Selling with a Plan

3 minute read

Selling with a Plan

Despite the paradigm shift that CRM brought to the world of sales, enterprises are still struggling with failure rates wildly disproportionate to the sales teams’ talent and hard work.

Customers and prospects today are smart, data-savvy and very well informed before they even speak to a salesperson. This makes them more educated and demanding than ever before. However sales teams are having a hard time adapting to the needs of the digital era: many still tend to approach customers and prospects without understanding their needs and their priorities, or how they measure success. This lack of understanding of the customers and how they want to buy leads to frustration and usually ends up in an unsuccessful conversion. As a result, sales teams scramble to win new business and miss massive opportunities to upsell, cross-sell and maximize customer value.

According to the CRO Benchmark study, 62% of first sales meetings don’t progress to the next meeting because the prospective customer doesn’t see value. This should come as no surprise – the study showed that most sales people have barely any insight into their customers’ business before attempting to sell to them.  

Companies look to salespeople as trusted allies in the search for a solution to fill a need they have, and it’s important for sales professionals to communicate with the buyers to understand their desired outcome before pushing their own product. In short, a one-size-fits-all approach is a recipe for failure. Every sale must be tailored to the specific needs and desired outcomes of each particular customer or prospect, understanding their organizational structure and their buying process.

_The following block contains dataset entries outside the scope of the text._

(* On torsionfree bornological \(V\)-modules, the assignment \(M\mapsto M'\) is right adjoint to the inclusion of the full subcategory of nuclear, torsionfree bornological \(V\)-modules into the category of torsionfree bornological \(V\)-modules (with bounded \(V\)-linear maps as morphisms). That is, for every torsionfree bornological \(V\)-module \(N\), \(N'\) is a nuclear torsionfree bornological \(V\)-module, and for every nuclear torsionfree bornological \(V\)-module \(M\), a \(V\)-linear map \(M\to N\) is bounded if and only if it is bounded as a map \(M\to N'\).
   Context: Let \(V\) be a complete discrete valuation ring with uniformiser \(\pi\) and fraction field \(F\). A bornology on a set is a collection of subsets (called bounded) containing all finite subsets and closed under finite unions and under taking subsets. A bornological \(V\)-module is a \(V\)-module with a bornology such that every bounded subset is contained in a bounded \(V\)-submodule; a \(V\)-linear map is bounded if it maps bounded subsets to bounded subsets. \(M\) is torsionfree if it is torsionfree as a \(V\)-module and \(\pi^{-1}S=\{x:\pi x\in S\}\) is bounded for every bounded \(S\). A subset \(S\subseteq M\) is compactoid if there is a bounded \(V\)-submodule \(T\subseteq M\) with \(S\subseteq T\) such that for every \(n\in\mathbb N\) there is a finite set \(F_n\subseteq T\) with \(S\subseteq VF_n+\pi^nT\). \(M'\) denotes \(M\) with the bornology of compactoid subsets; \(M\) is nuclear if every bounded subset of \(M\) is compactoid. *)

theory Defs
  imports Complex_Main
begin

definition dvr_uniformiser :: "'v::idom \<Rightarrow> bool" where
  "dvr_uniformiser \<pi> \<longleftrightarrow> \<pi> \<noteq> 0 \<and> \<not> \<pi> dvd 1 \<and>
     (\<forall>x. x \<noteq> 0 \<longrightarrow> (\<exists>u n. u dvd 1 \<and> x = u * \<pi> ^ n))"

definition pi_adically_complete :: "'v::idom \<Rightarrow> bool" where
  "pi_adically_complete \<pi> \<longleftrightarrow>
     (\<forall>x :: nat \<Rightarrow> 'v. (\<forall>n. \<pi> ^ n dvd x (Suc n) - x n) \<longrightarrow>
        (\<exists>y. \<forall>n. \<pi> ^ n dvd y - x n))"

definition complete_dvr :: "'v::idom \<Rightarrow> bool" where
  "complete_dvr \<pi> \<longleftrightarrow> dvr_uniformiser \<pi> \<and> pi_adically_complete \<pi>"

definition submodule :: "('v::comm_ring_1 \<Rightarrow> 'm::ab_group_add \<Rightarrow> 'm) \<Rightarrow> 'm set \<Rightarrow> bool" where
  "submodule scale S \<longleftrightarrow> 0 \<in> S \<and> (\<forall>x\<in>S. \<forall>y\<in>S. x + y \<in> S) \<and> (\<forall>c. \<forall>x\<in>S. scale c x \<in> S)"

definition gen_submodule :: "('v::comm_ring_1 \<Rightarrow> 'm::ab_group_add \<Rightarrow> 'm) \<Rightarrow> 'm set \<Rightarrow> 'm set" where
  "gen_submodule scale F = {(\<Sum>a\<in>t. scale (r a) a) | t r. finite t \<and> t \<subseteq> F}"

definition bornology :: "'m set set \<Rightarrow> bool" where
  "bornology B \<longleftrightarrow> (\<forall>S. finite S \<longrightarrow> S \<in> B) \<and>
     (\<forall>S T. S \<in> B \<longrightarrow> T \<in> B \<longrightarrow> S \<union> T \<in> B) \<and>
     (\<forall>S T. S \<in> B \<longrightarrow> T \<subseteq> S \<longrightarrow> T \<in> B)"

definition born_module :: "('v::comm_ring_1 \<Rightarrow> 'm::ab_group_add \<Rightarrow> 'm) \<Rightarrow> 'm set set \<Rightarrow> bool" where
  "born_module scale B \<longleftrightarrow> module scale \<and> bornology B \<and>
     (\<forall>S\<in>B. \<exists>T\<in>B. S \<subseteq> T \<and> submodule scale T)"

definition bounded_map :: "'m set set \<Rightarrow> 'n set set \<Rightarrow> ('m \<Rightarrow> 'n) \<Rightarrow> bool" where
  "bounded_map B B' f \<longleftrightarrow> (\<forall>S\<in>B. f ` S \<in> B')"

definition torsionfree_born ::
    "('v::comm_ring_1 \<Rightarrow> 'm::ab_group_add \<Rightarrow> 'm) \<Rightarrow> 'v \<Rightarrow> 'm set set \<Rightarrow> bool" where
  "torsionfree_born scale \<pi> B \<longleftrightarrow>
     (\<forall>a x. a \<noteq> 0 \<longrightarrow> scale a x = 0 \<longrightarrow> x = 0) \<and>
     (\<forall>S\<in>B. {x. scale \<pi> x \<in> S} \<in> B)"

definition compactoid ::
    "('v::comm_ring_1 \<Rightarrow> 'm::ab_group_add \<Rightarrow> 'm) \<Rightarrow> 'v \<Rightarrow> 'm set set \<Rightarrow> 'm set \<Rightarrow> bool" where
  "compactoid scale \<pi> B S \<longleftrightarrow>
     (\<exists>T. T \<in> B \<and> submodule scale T \<and> S \<subseteq> T \<and>
        (\<forall>n::nat. \<exists>F. finite F \<and> F \<subseteq> T \<and>
           S \<subseteq> {x + y | x y. x \<in> gen_submodule scale F \<and> y \<in> scale (\<pi> ^ n) ` T}))"

definition compactoid_born ::
    "('v::comm_ring_1 \<Rightarrow> 'm::ab_group_add \<Rightarrow> 'm) \<Rightarrow> 'v \<Rightarrow> 'm set set \<Rightarrow> 'm set set" where
  "compactoid_born scale \<pi> B = {S. compactoid scale \<pi> B S}"

definition nuclear ::
    "('v::comm_ring_1 \<Rightarrow> 'm::ab_group_add \<Rightarrow> 'm) \<Rightarrow> 'v \<Rightarrow> 'm set set \<Rightarrow> bool" where
  "nuclear scale \<pi> B \<longleftrightarrow> (\<forall>S\<in>B. compactoid scale \<pi> B S)"

end

(* Over a discrete valuation ring every ideal is principal, so a submodule H meets the
   span of a finite set F in a finitely generated submodule; in a torsionfree module the
   same holds for {y \<in> W. c y \<in> span F}. Hence the finite sets approximating a compactoid
   set S modulo \<pi>^n T can be chosen inside any submodule containing S. For S compactoid
   in the bounded submodule T this gives the two substantial facts: \<pi>^-1 S is compactoid
   in \<pi>^-1 T, and S is compactoid in a submodule T' \<subseteq> T which is itself compactoid
   in T, so N' is nuclear. The adjunction is formal: a bounded linear map sends a set
   compactoid in T to one compactoid in f T, and compactoid sets are bounded. *)
theory Submission
  imports Defs "HOL-Library.Set_Algebras"
begin

section \<open>Finitely generated submodules over a discrete valuation ring\<close>

lemma dvr_uniformiser_nonzero: "dvr_uniformiser \<pi> \<Longrightarrow> \<pi> \<noteq> 0"
  unfolding dvr_uniformiser_def by simp

lemma dvr_uniformiser_ex_dvd_all:
  fixes \<pi> :: "'v::idom" and I :: "'v set"
  assumes "dvr_uniformiser \<pi>" and "I \<noteq> {}"
  shows "\<exists>d\<in>I. \<forall>c\<in>I. d dvd c"
proof (cases "I \<subseteq> {0}")
  case True
  with assms(2) show ?thesis by auto
next
  case False
  then obtain c0 where c0: "c0 \<in> I" "c0 \<noteq> 0" by auto
  have unit_power: "\<And>x. x \<noteq> 0 \<Longrightarrow> \<exists>u n. u dvd 1 \<and> x = u * \<pi> ^ n"
    using assms(1) unfolding dvr_uniformiser_def by blast
  define P where "P n \<longleftrightarrow> (\<exists>u. u dvd 1 \<and> u * \<pi> ^ n \<in> I)" for n
  have "\<exists>n. P n" using unit_power[OF c0(2)] c0(1) unfolding P_def by metis
  then have "P (LEAST n. P n)" by (rule LeastI_ex)
  then obtain u where u: "u dvd 1" "u * \<pi> ^ (LEAST n. P n) \<in> I"
    unfolding P_def by blast
  show ?thesis
  proof (intro bexI[OF _ u(2)] ballI)
    fix c assume c: "c \<in> I"
    show "u * \<pi> ^ (LEAST n. P n) dvd c"
    proof (cases "c = 0")
      case False
      then obtain w k where wk: "w dvd 1" "c = w * \<pi> ^ k" using unit_power by blast
      then have "P k" unfolding P_def using c by blast
      then have "\<pi> ^ (LEAST n. P n) dvd \<pi> ^ k" by (intro le_imp_power_dvd Least_le)
      moreover have "u dvd w" using u(1) by (meson dvd_trans one_dvd)
      ultimately show ?thesis using wk(2) by (simp add: mult_dvd_mono)
    qed simp
  qed
qed

lemma subspace_Int_span_finitely_generated:
  fixes \<pi> :: "'v::idom" and scale :: "'v \<Rightarrow> 'm::ab_group_add \<Rightarrow> 'm"
  assumes M: "module scale" and V: "dvr_uniformiser \<pi>"
    and H: "module.subspace scale H" and F: "finite F"
  shows "\<exists>G. finite G \<and> G \<subseteq> H \<and> module.span scale G = H \<inter> module.span scale F"
  using F
proof (induction F rule: finite_induct)
  case empty
  interpret module scale by (rule M)
  show ?case using subspace_0[OF H] by (intro exI[of _ "{}"]) auto
next
  case (insert a F)
  interpret module scale by (rule M)
  obtain G where G: "finite G" "G \<subseteq> H" "span G = H \<inter> span F" using insert.IH by blast
  txt \<open>The coefficients of a in H \<inter> span (insert a F) modulo span F form an ideal;
    an element h0 realising its generator d, together with G, generates the intersection.\<close>
  define I where "I = {c. \<exists>h\<in>H \<inter> span (insert a F). h - scale c a \<in> span F}"
  have "0 \<in> I" unfolding I_def using subspace_0[OF H] span_zero by force
  then obtain d where d: "d \<in> I" "\<And>c. c \<in> I \<Longrightarrow> d dvd c"
    using dvr_uniformiser_ex_dvd_all[OF V, of I] by blast
  then obtain h0 where h0: "h0 \<in> H" "h0 \<in> span (insert a F)" "h0 - scale d a \<in> span F"
    unfolding I_def by blast
  have "span (insert h0 G) = H \<inter> span (insert a F)"
  proof
    have "G \<subseteq> span (insert a F)" using G(3) span_superset span_mono[of F "insert a F"] by blast
    then show "span (insert h0 G) \<subseteq> H \<inter> span (insert a F)"
      using G(2) h0(1,2) by (intro span_minimal subspace_inter H subspace_span) auto
  next
    show "H \<inter> span (insert a F) \<subseteq> span (insert h0 G)"
    proof
      fix h assume h: "h \<in> H \<inter> span (insert a F)"
      then obtain c where c: "h - scale c a \<in> span F" using span_breakdown_eq by blast
      then have "c \<in> I" unfolding I_def using h by blast
      then obtain e where e: "c = d * e" using d(2) by (blast elim: dvdE)
      have eq: "h - scale e h0 = (h - scale c a) - scale e (h0 - scale d a)"
        by (simp add: e scale_right_diff_distrib mult.commute[of d e])
      have "h - scale e h0 \<in> span F"
        unfolding eq by (intro span_diff span_scale c h0(3))
      moreover have "h - scale e h0 \<in> H"
        using h h0(1) by (intro subspace_diff[OF H] subspace_scale[OF H]) auto
      ultimately have "h - scale e h0 \<in> span G" using G(3) by blast
      then show "h \<in> span (insert h0 G)" using span_breakdown_eq by blast
    qed
  qed
  then show ?case using G(1,2) h0(1) by (intro exI[of _ "insert h0 G"]) auto
qed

Knowing your customer includes knowing your customer’s customers. What is your customer’s business trying to solve for them? What are their desired outcomes, and what places does your product take in facilitating them? The answers to these questions can only be found if the entire revenue team constantly discovers and shares all intelligence, putting together a picture of customers’ and prospects’ needs that will help move the sale forward.

Each interaction with the customer – whether it involves marketing, customer success, sales or even finance and legal – will yield valuable information that helps deliver value and unlock new revenue opportunities. Every conversation with a customer or prospect is an opportunity to demonstrate credibility, bringing insight to the conversation, creating and delivering — not just communicating — value. In the absence of a plan and a deep understanding of your customer, many sales interactions stumble, where they should stride. In fact, according to our research, 40% of all surveyed sales, marketing and IT professionals felt that sales meetings don’t have a clear plan for success.

This focus on value creation not only enables access to appropriate executives to harness the value of relationship selling, but also a joint value creation based on a shared understanding of customer needs. Successful selling and revenue optimization require the ability to get an insight into how decision-making power and influence work inside their customers’ businesses, navigate their hierarchy and understand the short- and long-term goals. This creates long-lasting, trust-based relationships between the seller’s team and the customer, bringing mutual benefit and support. Companies that fail to understand this shift will find it increasingly hard to deliver predictable revenue growth and sales success.